*ASSIGNMENT:* Retype, word for word, every line from the one holding "mod m) \<in>" through the one holding "m))) = (\<Sum>i<m." in the entries below, both included, and only those lines.

Stored items:
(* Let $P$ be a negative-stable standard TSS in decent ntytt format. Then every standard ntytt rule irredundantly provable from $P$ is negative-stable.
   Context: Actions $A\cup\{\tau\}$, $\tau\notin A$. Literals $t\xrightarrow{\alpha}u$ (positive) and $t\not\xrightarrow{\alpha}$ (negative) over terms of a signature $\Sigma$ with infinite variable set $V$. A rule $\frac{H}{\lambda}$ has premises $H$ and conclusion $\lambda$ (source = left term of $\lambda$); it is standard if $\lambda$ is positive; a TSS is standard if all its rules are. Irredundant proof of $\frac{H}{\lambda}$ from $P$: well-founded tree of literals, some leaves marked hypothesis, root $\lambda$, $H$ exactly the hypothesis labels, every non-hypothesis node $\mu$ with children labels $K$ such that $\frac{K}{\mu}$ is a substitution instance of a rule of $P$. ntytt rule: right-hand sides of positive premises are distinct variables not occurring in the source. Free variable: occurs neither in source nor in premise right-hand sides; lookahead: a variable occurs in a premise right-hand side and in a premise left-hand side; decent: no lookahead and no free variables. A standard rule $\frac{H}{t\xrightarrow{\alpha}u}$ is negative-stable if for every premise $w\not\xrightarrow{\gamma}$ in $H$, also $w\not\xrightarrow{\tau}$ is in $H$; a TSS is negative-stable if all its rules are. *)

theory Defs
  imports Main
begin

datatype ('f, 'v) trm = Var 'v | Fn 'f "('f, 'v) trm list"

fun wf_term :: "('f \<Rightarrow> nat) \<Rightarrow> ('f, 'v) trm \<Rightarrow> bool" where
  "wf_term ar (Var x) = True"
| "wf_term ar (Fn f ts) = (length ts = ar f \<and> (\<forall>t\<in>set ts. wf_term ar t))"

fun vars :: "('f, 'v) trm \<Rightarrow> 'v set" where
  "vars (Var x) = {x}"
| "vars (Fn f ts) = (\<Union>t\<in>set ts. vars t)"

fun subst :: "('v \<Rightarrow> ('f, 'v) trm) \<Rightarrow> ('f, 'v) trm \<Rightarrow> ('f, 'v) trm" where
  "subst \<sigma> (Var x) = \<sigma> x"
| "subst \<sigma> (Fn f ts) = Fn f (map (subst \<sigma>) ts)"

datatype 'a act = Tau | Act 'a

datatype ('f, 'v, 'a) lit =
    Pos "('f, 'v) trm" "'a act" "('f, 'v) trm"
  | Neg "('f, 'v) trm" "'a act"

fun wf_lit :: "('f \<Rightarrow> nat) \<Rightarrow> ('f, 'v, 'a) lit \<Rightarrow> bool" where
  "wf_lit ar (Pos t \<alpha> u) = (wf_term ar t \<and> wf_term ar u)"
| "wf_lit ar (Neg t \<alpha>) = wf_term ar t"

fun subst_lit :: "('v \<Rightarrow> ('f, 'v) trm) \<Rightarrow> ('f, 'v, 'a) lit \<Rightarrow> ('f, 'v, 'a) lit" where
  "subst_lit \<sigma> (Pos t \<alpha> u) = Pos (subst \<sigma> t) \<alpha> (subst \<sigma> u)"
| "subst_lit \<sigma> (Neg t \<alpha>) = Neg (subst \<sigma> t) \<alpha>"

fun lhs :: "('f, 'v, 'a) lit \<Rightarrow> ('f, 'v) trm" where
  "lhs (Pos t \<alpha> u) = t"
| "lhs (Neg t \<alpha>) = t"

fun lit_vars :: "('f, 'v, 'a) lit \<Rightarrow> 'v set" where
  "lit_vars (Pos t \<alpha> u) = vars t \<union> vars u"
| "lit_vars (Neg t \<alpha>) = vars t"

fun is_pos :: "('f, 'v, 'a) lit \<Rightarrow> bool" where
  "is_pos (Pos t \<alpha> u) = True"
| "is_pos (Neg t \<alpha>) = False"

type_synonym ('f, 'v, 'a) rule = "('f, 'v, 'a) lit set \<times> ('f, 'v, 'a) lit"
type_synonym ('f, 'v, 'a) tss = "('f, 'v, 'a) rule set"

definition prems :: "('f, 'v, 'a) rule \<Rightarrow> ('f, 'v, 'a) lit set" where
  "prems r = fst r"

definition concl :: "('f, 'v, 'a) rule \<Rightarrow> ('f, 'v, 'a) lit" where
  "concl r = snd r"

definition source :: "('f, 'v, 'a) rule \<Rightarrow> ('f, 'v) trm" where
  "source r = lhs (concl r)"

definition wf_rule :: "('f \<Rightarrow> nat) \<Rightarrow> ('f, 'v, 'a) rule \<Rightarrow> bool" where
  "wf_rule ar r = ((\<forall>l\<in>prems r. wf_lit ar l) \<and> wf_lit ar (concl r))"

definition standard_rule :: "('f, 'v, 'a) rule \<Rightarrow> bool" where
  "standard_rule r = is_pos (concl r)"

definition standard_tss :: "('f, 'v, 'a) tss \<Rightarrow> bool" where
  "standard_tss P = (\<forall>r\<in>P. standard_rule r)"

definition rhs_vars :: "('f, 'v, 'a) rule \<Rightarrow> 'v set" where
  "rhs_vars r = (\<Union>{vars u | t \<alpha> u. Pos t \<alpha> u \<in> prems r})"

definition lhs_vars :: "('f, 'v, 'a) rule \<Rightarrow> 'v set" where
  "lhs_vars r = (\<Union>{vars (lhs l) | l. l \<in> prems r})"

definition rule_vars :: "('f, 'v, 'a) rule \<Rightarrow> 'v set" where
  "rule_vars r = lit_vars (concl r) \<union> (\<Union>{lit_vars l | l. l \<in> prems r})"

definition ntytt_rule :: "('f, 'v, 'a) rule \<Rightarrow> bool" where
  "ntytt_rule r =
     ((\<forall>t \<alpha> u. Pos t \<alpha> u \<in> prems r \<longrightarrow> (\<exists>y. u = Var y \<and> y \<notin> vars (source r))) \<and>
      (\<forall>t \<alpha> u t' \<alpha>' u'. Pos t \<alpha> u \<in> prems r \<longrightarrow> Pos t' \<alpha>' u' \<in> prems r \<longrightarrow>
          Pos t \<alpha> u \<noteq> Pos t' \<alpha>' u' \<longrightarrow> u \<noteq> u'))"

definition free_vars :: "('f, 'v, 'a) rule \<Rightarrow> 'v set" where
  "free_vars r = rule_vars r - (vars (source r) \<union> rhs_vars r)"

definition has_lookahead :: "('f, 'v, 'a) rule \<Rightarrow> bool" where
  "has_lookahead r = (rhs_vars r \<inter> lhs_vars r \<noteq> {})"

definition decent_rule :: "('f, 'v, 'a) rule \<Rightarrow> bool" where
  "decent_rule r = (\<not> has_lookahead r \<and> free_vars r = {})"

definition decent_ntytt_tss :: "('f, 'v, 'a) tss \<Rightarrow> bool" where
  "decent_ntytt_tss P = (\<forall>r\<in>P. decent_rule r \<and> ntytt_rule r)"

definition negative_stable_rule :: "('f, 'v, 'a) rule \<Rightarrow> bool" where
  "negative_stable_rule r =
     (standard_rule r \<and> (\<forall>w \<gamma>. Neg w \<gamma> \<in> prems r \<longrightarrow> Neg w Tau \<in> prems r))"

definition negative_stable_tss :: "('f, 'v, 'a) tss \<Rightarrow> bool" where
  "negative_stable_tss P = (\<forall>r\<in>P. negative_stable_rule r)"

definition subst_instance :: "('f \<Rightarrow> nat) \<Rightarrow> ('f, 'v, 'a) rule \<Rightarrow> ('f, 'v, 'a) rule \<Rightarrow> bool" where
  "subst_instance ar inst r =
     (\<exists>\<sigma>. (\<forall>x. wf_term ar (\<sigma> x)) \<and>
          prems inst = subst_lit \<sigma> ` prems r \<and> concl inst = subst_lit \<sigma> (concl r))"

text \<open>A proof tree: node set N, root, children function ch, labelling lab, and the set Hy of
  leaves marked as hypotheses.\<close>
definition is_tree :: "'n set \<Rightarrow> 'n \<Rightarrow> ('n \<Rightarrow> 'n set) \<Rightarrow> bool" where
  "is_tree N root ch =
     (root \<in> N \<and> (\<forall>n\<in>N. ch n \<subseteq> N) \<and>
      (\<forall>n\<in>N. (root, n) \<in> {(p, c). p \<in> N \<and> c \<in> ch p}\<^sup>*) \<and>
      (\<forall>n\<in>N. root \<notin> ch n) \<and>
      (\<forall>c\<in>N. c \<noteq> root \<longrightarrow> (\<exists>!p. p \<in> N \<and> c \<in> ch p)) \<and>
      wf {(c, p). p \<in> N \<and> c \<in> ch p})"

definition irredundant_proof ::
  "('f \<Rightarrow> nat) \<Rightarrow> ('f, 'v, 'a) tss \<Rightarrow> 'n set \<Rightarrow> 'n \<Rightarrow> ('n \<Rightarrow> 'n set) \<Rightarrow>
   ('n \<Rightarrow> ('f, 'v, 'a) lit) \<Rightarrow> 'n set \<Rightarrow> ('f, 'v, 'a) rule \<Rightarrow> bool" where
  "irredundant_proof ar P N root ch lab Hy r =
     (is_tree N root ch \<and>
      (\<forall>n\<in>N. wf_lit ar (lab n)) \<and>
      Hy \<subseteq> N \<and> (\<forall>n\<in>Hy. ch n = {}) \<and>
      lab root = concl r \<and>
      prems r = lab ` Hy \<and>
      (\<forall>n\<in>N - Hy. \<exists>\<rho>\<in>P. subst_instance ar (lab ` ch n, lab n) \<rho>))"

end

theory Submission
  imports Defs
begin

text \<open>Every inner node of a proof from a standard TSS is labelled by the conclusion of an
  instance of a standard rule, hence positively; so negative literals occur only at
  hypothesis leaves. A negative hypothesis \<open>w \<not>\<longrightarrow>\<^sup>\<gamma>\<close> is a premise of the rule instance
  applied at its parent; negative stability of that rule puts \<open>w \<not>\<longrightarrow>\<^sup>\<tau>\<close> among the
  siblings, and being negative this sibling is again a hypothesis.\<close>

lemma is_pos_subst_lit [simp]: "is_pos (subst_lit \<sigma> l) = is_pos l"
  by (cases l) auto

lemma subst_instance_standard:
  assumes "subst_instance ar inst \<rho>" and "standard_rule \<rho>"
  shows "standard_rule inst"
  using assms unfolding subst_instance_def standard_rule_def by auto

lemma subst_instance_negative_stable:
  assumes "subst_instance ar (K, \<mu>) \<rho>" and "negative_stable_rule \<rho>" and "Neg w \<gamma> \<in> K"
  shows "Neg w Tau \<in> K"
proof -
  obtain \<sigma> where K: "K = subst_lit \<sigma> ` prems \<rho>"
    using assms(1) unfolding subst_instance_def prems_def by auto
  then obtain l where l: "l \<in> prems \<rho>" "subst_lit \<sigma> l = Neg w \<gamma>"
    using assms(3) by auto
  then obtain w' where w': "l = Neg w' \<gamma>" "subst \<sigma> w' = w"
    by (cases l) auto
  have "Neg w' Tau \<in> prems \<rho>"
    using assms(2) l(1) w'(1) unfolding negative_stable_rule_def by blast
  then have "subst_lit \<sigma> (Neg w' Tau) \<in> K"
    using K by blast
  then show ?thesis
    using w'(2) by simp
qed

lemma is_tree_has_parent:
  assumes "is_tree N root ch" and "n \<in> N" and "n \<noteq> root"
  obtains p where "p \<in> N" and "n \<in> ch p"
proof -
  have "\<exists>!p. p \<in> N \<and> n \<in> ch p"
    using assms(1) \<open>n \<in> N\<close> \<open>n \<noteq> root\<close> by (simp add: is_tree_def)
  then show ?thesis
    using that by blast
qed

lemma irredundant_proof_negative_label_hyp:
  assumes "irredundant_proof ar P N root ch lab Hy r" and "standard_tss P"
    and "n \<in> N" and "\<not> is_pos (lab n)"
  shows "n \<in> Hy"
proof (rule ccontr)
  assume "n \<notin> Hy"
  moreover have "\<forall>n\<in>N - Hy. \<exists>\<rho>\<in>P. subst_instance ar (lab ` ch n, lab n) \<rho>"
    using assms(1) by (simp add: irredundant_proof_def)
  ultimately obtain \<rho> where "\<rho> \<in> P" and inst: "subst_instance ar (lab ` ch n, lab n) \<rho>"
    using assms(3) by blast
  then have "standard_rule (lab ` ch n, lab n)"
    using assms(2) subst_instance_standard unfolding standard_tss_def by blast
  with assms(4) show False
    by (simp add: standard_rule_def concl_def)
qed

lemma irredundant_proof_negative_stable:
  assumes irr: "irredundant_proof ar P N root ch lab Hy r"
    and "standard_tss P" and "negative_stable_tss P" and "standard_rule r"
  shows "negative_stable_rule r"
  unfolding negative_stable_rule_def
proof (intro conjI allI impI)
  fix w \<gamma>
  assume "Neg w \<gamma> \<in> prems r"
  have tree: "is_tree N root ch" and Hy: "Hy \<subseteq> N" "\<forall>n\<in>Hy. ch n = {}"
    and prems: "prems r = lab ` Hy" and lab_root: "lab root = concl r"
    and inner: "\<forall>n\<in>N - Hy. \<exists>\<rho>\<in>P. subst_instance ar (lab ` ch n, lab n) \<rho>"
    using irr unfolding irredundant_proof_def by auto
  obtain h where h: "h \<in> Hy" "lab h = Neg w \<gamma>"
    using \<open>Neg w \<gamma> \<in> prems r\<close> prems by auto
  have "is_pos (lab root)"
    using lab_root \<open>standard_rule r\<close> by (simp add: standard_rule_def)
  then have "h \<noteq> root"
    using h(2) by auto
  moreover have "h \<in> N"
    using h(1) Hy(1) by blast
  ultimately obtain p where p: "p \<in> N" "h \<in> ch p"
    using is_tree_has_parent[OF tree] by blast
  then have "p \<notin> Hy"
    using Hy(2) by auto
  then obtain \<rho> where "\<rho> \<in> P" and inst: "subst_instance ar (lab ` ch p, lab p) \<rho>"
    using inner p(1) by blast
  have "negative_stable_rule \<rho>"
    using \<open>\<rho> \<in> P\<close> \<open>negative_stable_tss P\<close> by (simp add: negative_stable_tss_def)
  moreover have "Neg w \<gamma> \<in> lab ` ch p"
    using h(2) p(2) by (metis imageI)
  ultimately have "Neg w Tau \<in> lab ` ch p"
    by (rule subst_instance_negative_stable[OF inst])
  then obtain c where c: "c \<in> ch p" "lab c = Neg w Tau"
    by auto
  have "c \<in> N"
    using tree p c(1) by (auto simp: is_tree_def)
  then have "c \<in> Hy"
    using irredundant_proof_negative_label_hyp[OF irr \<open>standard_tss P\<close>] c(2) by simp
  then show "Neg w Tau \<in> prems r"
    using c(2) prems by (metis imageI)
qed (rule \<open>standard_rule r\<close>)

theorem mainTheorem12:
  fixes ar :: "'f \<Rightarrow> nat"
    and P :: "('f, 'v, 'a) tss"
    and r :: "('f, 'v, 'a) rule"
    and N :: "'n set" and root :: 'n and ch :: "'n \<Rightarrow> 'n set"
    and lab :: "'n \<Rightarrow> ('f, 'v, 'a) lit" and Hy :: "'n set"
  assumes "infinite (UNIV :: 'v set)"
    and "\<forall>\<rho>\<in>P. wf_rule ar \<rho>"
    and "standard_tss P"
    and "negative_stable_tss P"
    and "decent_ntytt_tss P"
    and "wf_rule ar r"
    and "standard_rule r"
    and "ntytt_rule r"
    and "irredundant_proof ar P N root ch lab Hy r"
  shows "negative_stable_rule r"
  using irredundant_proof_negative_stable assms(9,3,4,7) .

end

---

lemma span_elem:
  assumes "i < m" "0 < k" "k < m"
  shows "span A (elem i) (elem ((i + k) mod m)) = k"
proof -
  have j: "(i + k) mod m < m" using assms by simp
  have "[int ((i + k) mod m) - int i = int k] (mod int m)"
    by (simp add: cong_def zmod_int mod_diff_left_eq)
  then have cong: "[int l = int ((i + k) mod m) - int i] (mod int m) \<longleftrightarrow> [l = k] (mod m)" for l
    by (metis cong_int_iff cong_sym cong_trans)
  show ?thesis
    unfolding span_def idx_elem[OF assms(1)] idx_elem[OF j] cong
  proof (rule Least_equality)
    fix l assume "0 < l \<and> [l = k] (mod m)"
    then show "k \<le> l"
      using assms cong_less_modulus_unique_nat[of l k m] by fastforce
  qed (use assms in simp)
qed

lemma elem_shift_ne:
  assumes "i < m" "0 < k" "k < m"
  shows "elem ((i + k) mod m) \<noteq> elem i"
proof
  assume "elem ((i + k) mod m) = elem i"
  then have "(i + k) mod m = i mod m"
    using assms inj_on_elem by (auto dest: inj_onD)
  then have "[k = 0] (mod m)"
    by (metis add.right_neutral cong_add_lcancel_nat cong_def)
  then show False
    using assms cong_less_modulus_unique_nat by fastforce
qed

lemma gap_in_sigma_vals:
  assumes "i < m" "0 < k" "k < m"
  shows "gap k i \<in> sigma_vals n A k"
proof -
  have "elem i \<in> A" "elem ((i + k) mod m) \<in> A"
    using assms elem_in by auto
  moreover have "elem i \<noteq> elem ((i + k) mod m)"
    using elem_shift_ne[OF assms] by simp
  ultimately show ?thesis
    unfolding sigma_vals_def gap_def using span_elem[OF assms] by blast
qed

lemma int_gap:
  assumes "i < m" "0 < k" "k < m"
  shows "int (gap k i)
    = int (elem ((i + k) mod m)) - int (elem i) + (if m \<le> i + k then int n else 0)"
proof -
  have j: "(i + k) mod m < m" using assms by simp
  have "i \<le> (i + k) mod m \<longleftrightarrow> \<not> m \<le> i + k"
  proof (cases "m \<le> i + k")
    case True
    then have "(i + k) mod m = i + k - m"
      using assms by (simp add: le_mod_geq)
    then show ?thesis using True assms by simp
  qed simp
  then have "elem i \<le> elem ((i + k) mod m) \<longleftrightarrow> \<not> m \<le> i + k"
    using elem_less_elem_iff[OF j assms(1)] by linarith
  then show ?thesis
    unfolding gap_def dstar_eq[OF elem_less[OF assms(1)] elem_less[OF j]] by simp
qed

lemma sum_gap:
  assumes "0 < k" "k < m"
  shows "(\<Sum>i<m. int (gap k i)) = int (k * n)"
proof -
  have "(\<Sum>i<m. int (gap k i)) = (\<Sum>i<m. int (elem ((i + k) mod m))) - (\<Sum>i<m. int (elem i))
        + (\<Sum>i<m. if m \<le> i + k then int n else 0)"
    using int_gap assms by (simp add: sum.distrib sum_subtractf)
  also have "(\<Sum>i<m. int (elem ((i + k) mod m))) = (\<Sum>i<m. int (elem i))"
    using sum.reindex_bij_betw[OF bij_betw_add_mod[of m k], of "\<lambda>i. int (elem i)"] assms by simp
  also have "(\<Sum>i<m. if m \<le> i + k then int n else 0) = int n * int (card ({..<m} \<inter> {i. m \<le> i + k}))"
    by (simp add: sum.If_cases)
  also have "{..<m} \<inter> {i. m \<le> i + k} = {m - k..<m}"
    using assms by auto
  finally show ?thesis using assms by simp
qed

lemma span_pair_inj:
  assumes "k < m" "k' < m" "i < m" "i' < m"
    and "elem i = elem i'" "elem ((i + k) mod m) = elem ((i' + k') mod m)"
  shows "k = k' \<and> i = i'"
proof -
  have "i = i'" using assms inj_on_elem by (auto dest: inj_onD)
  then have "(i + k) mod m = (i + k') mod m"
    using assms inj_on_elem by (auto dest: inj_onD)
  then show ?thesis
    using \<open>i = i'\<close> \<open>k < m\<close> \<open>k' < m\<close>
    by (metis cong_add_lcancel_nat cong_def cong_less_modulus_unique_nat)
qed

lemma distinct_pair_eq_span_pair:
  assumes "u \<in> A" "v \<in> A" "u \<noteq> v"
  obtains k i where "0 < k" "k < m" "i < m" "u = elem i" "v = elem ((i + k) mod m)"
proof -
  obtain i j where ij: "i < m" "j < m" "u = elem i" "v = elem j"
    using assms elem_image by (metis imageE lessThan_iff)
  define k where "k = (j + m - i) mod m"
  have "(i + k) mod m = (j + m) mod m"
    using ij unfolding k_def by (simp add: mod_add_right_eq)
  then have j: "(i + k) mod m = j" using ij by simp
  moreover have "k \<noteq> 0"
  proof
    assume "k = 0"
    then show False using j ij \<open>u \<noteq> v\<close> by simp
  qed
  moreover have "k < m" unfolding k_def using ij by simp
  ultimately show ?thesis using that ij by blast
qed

---

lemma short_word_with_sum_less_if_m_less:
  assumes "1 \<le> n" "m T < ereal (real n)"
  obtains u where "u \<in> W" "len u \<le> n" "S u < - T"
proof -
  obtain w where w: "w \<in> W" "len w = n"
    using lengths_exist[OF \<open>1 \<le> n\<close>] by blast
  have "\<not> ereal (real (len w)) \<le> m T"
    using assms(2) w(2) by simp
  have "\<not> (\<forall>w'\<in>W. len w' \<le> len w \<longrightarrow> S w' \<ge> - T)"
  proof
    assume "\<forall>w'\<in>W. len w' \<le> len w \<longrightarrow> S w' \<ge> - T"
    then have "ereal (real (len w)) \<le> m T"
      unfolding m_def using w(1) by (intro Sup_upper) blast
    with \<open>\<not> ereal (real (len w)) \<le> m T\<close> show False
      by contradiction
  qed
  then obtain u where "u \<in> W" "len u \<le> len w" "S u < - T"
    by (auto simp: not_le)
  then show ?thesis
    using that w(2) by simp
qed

*SOLUTION:*
  have "elem i \<in> A" "elem ((i + k) mod m) \<in> A"
    using assms elem_in by auto
  moreover have "elem i \<noteq> elem ((i + k) mod m)"
    using elem_shift_ne[OF assms] by simp
  ultimately show ?thesis
    unfolding sigma_vals_def gap_def using span_elem[OF assms] by blast
qed

lemma int_gap:
  assumes "i < m" "0 < k" "k < m"
  shows "int (gap k i)
    = int (elem ((i + k) mod m)) - int (elem i) + (if m \<le> i + k then int n else 0)"
proof -
  have j: "(i + k) mod m < m" using assms by simp
  have "i \<le> (i + k) mod m \<longleftrightarrow> \<not> m \<le> i + k"
  proof (cases "m \<le> i + k")
    case True
    then have "(i + k) mod m = i + k - m"
      using assms by (simp add: le_mod_geq)
    then show ?thesis using True assms by simp
  qed simp
  then have "elem i \<le> elem ((i + k) mod m) \<longleftrightarrow> \<not> m \<le> i + k"
    using elem_less_elem_iff[OF j assms(1)] by linarith
  then show ?thesis
    unfolding gap_def dstar_eq[OF elem_less[OF assms(1)] elem_less[OF j]] by simp
qed

lemma sum_gap:
  assumes "0 < k" "k < m"
  shows "(\<Sum>i<m. int (gap k i)) = int (k * n)"
proof -
  have "(\<Sum>i<m. int (gap k i)) = (\<Sum>i<m. int (elem ((i + k) mod m))) - (\<Sum>i<m. int (elem i))
        + (\<Sum>i<m. if m \<le> i + k then int n else 0)"
    using int_gap assms by (simp add: sum.distrib sum_subtractf)
  also have "(\<Sum>i<m. int (elem ((i + k) mod m))) = (\<Sum>i<m. int (elem i))"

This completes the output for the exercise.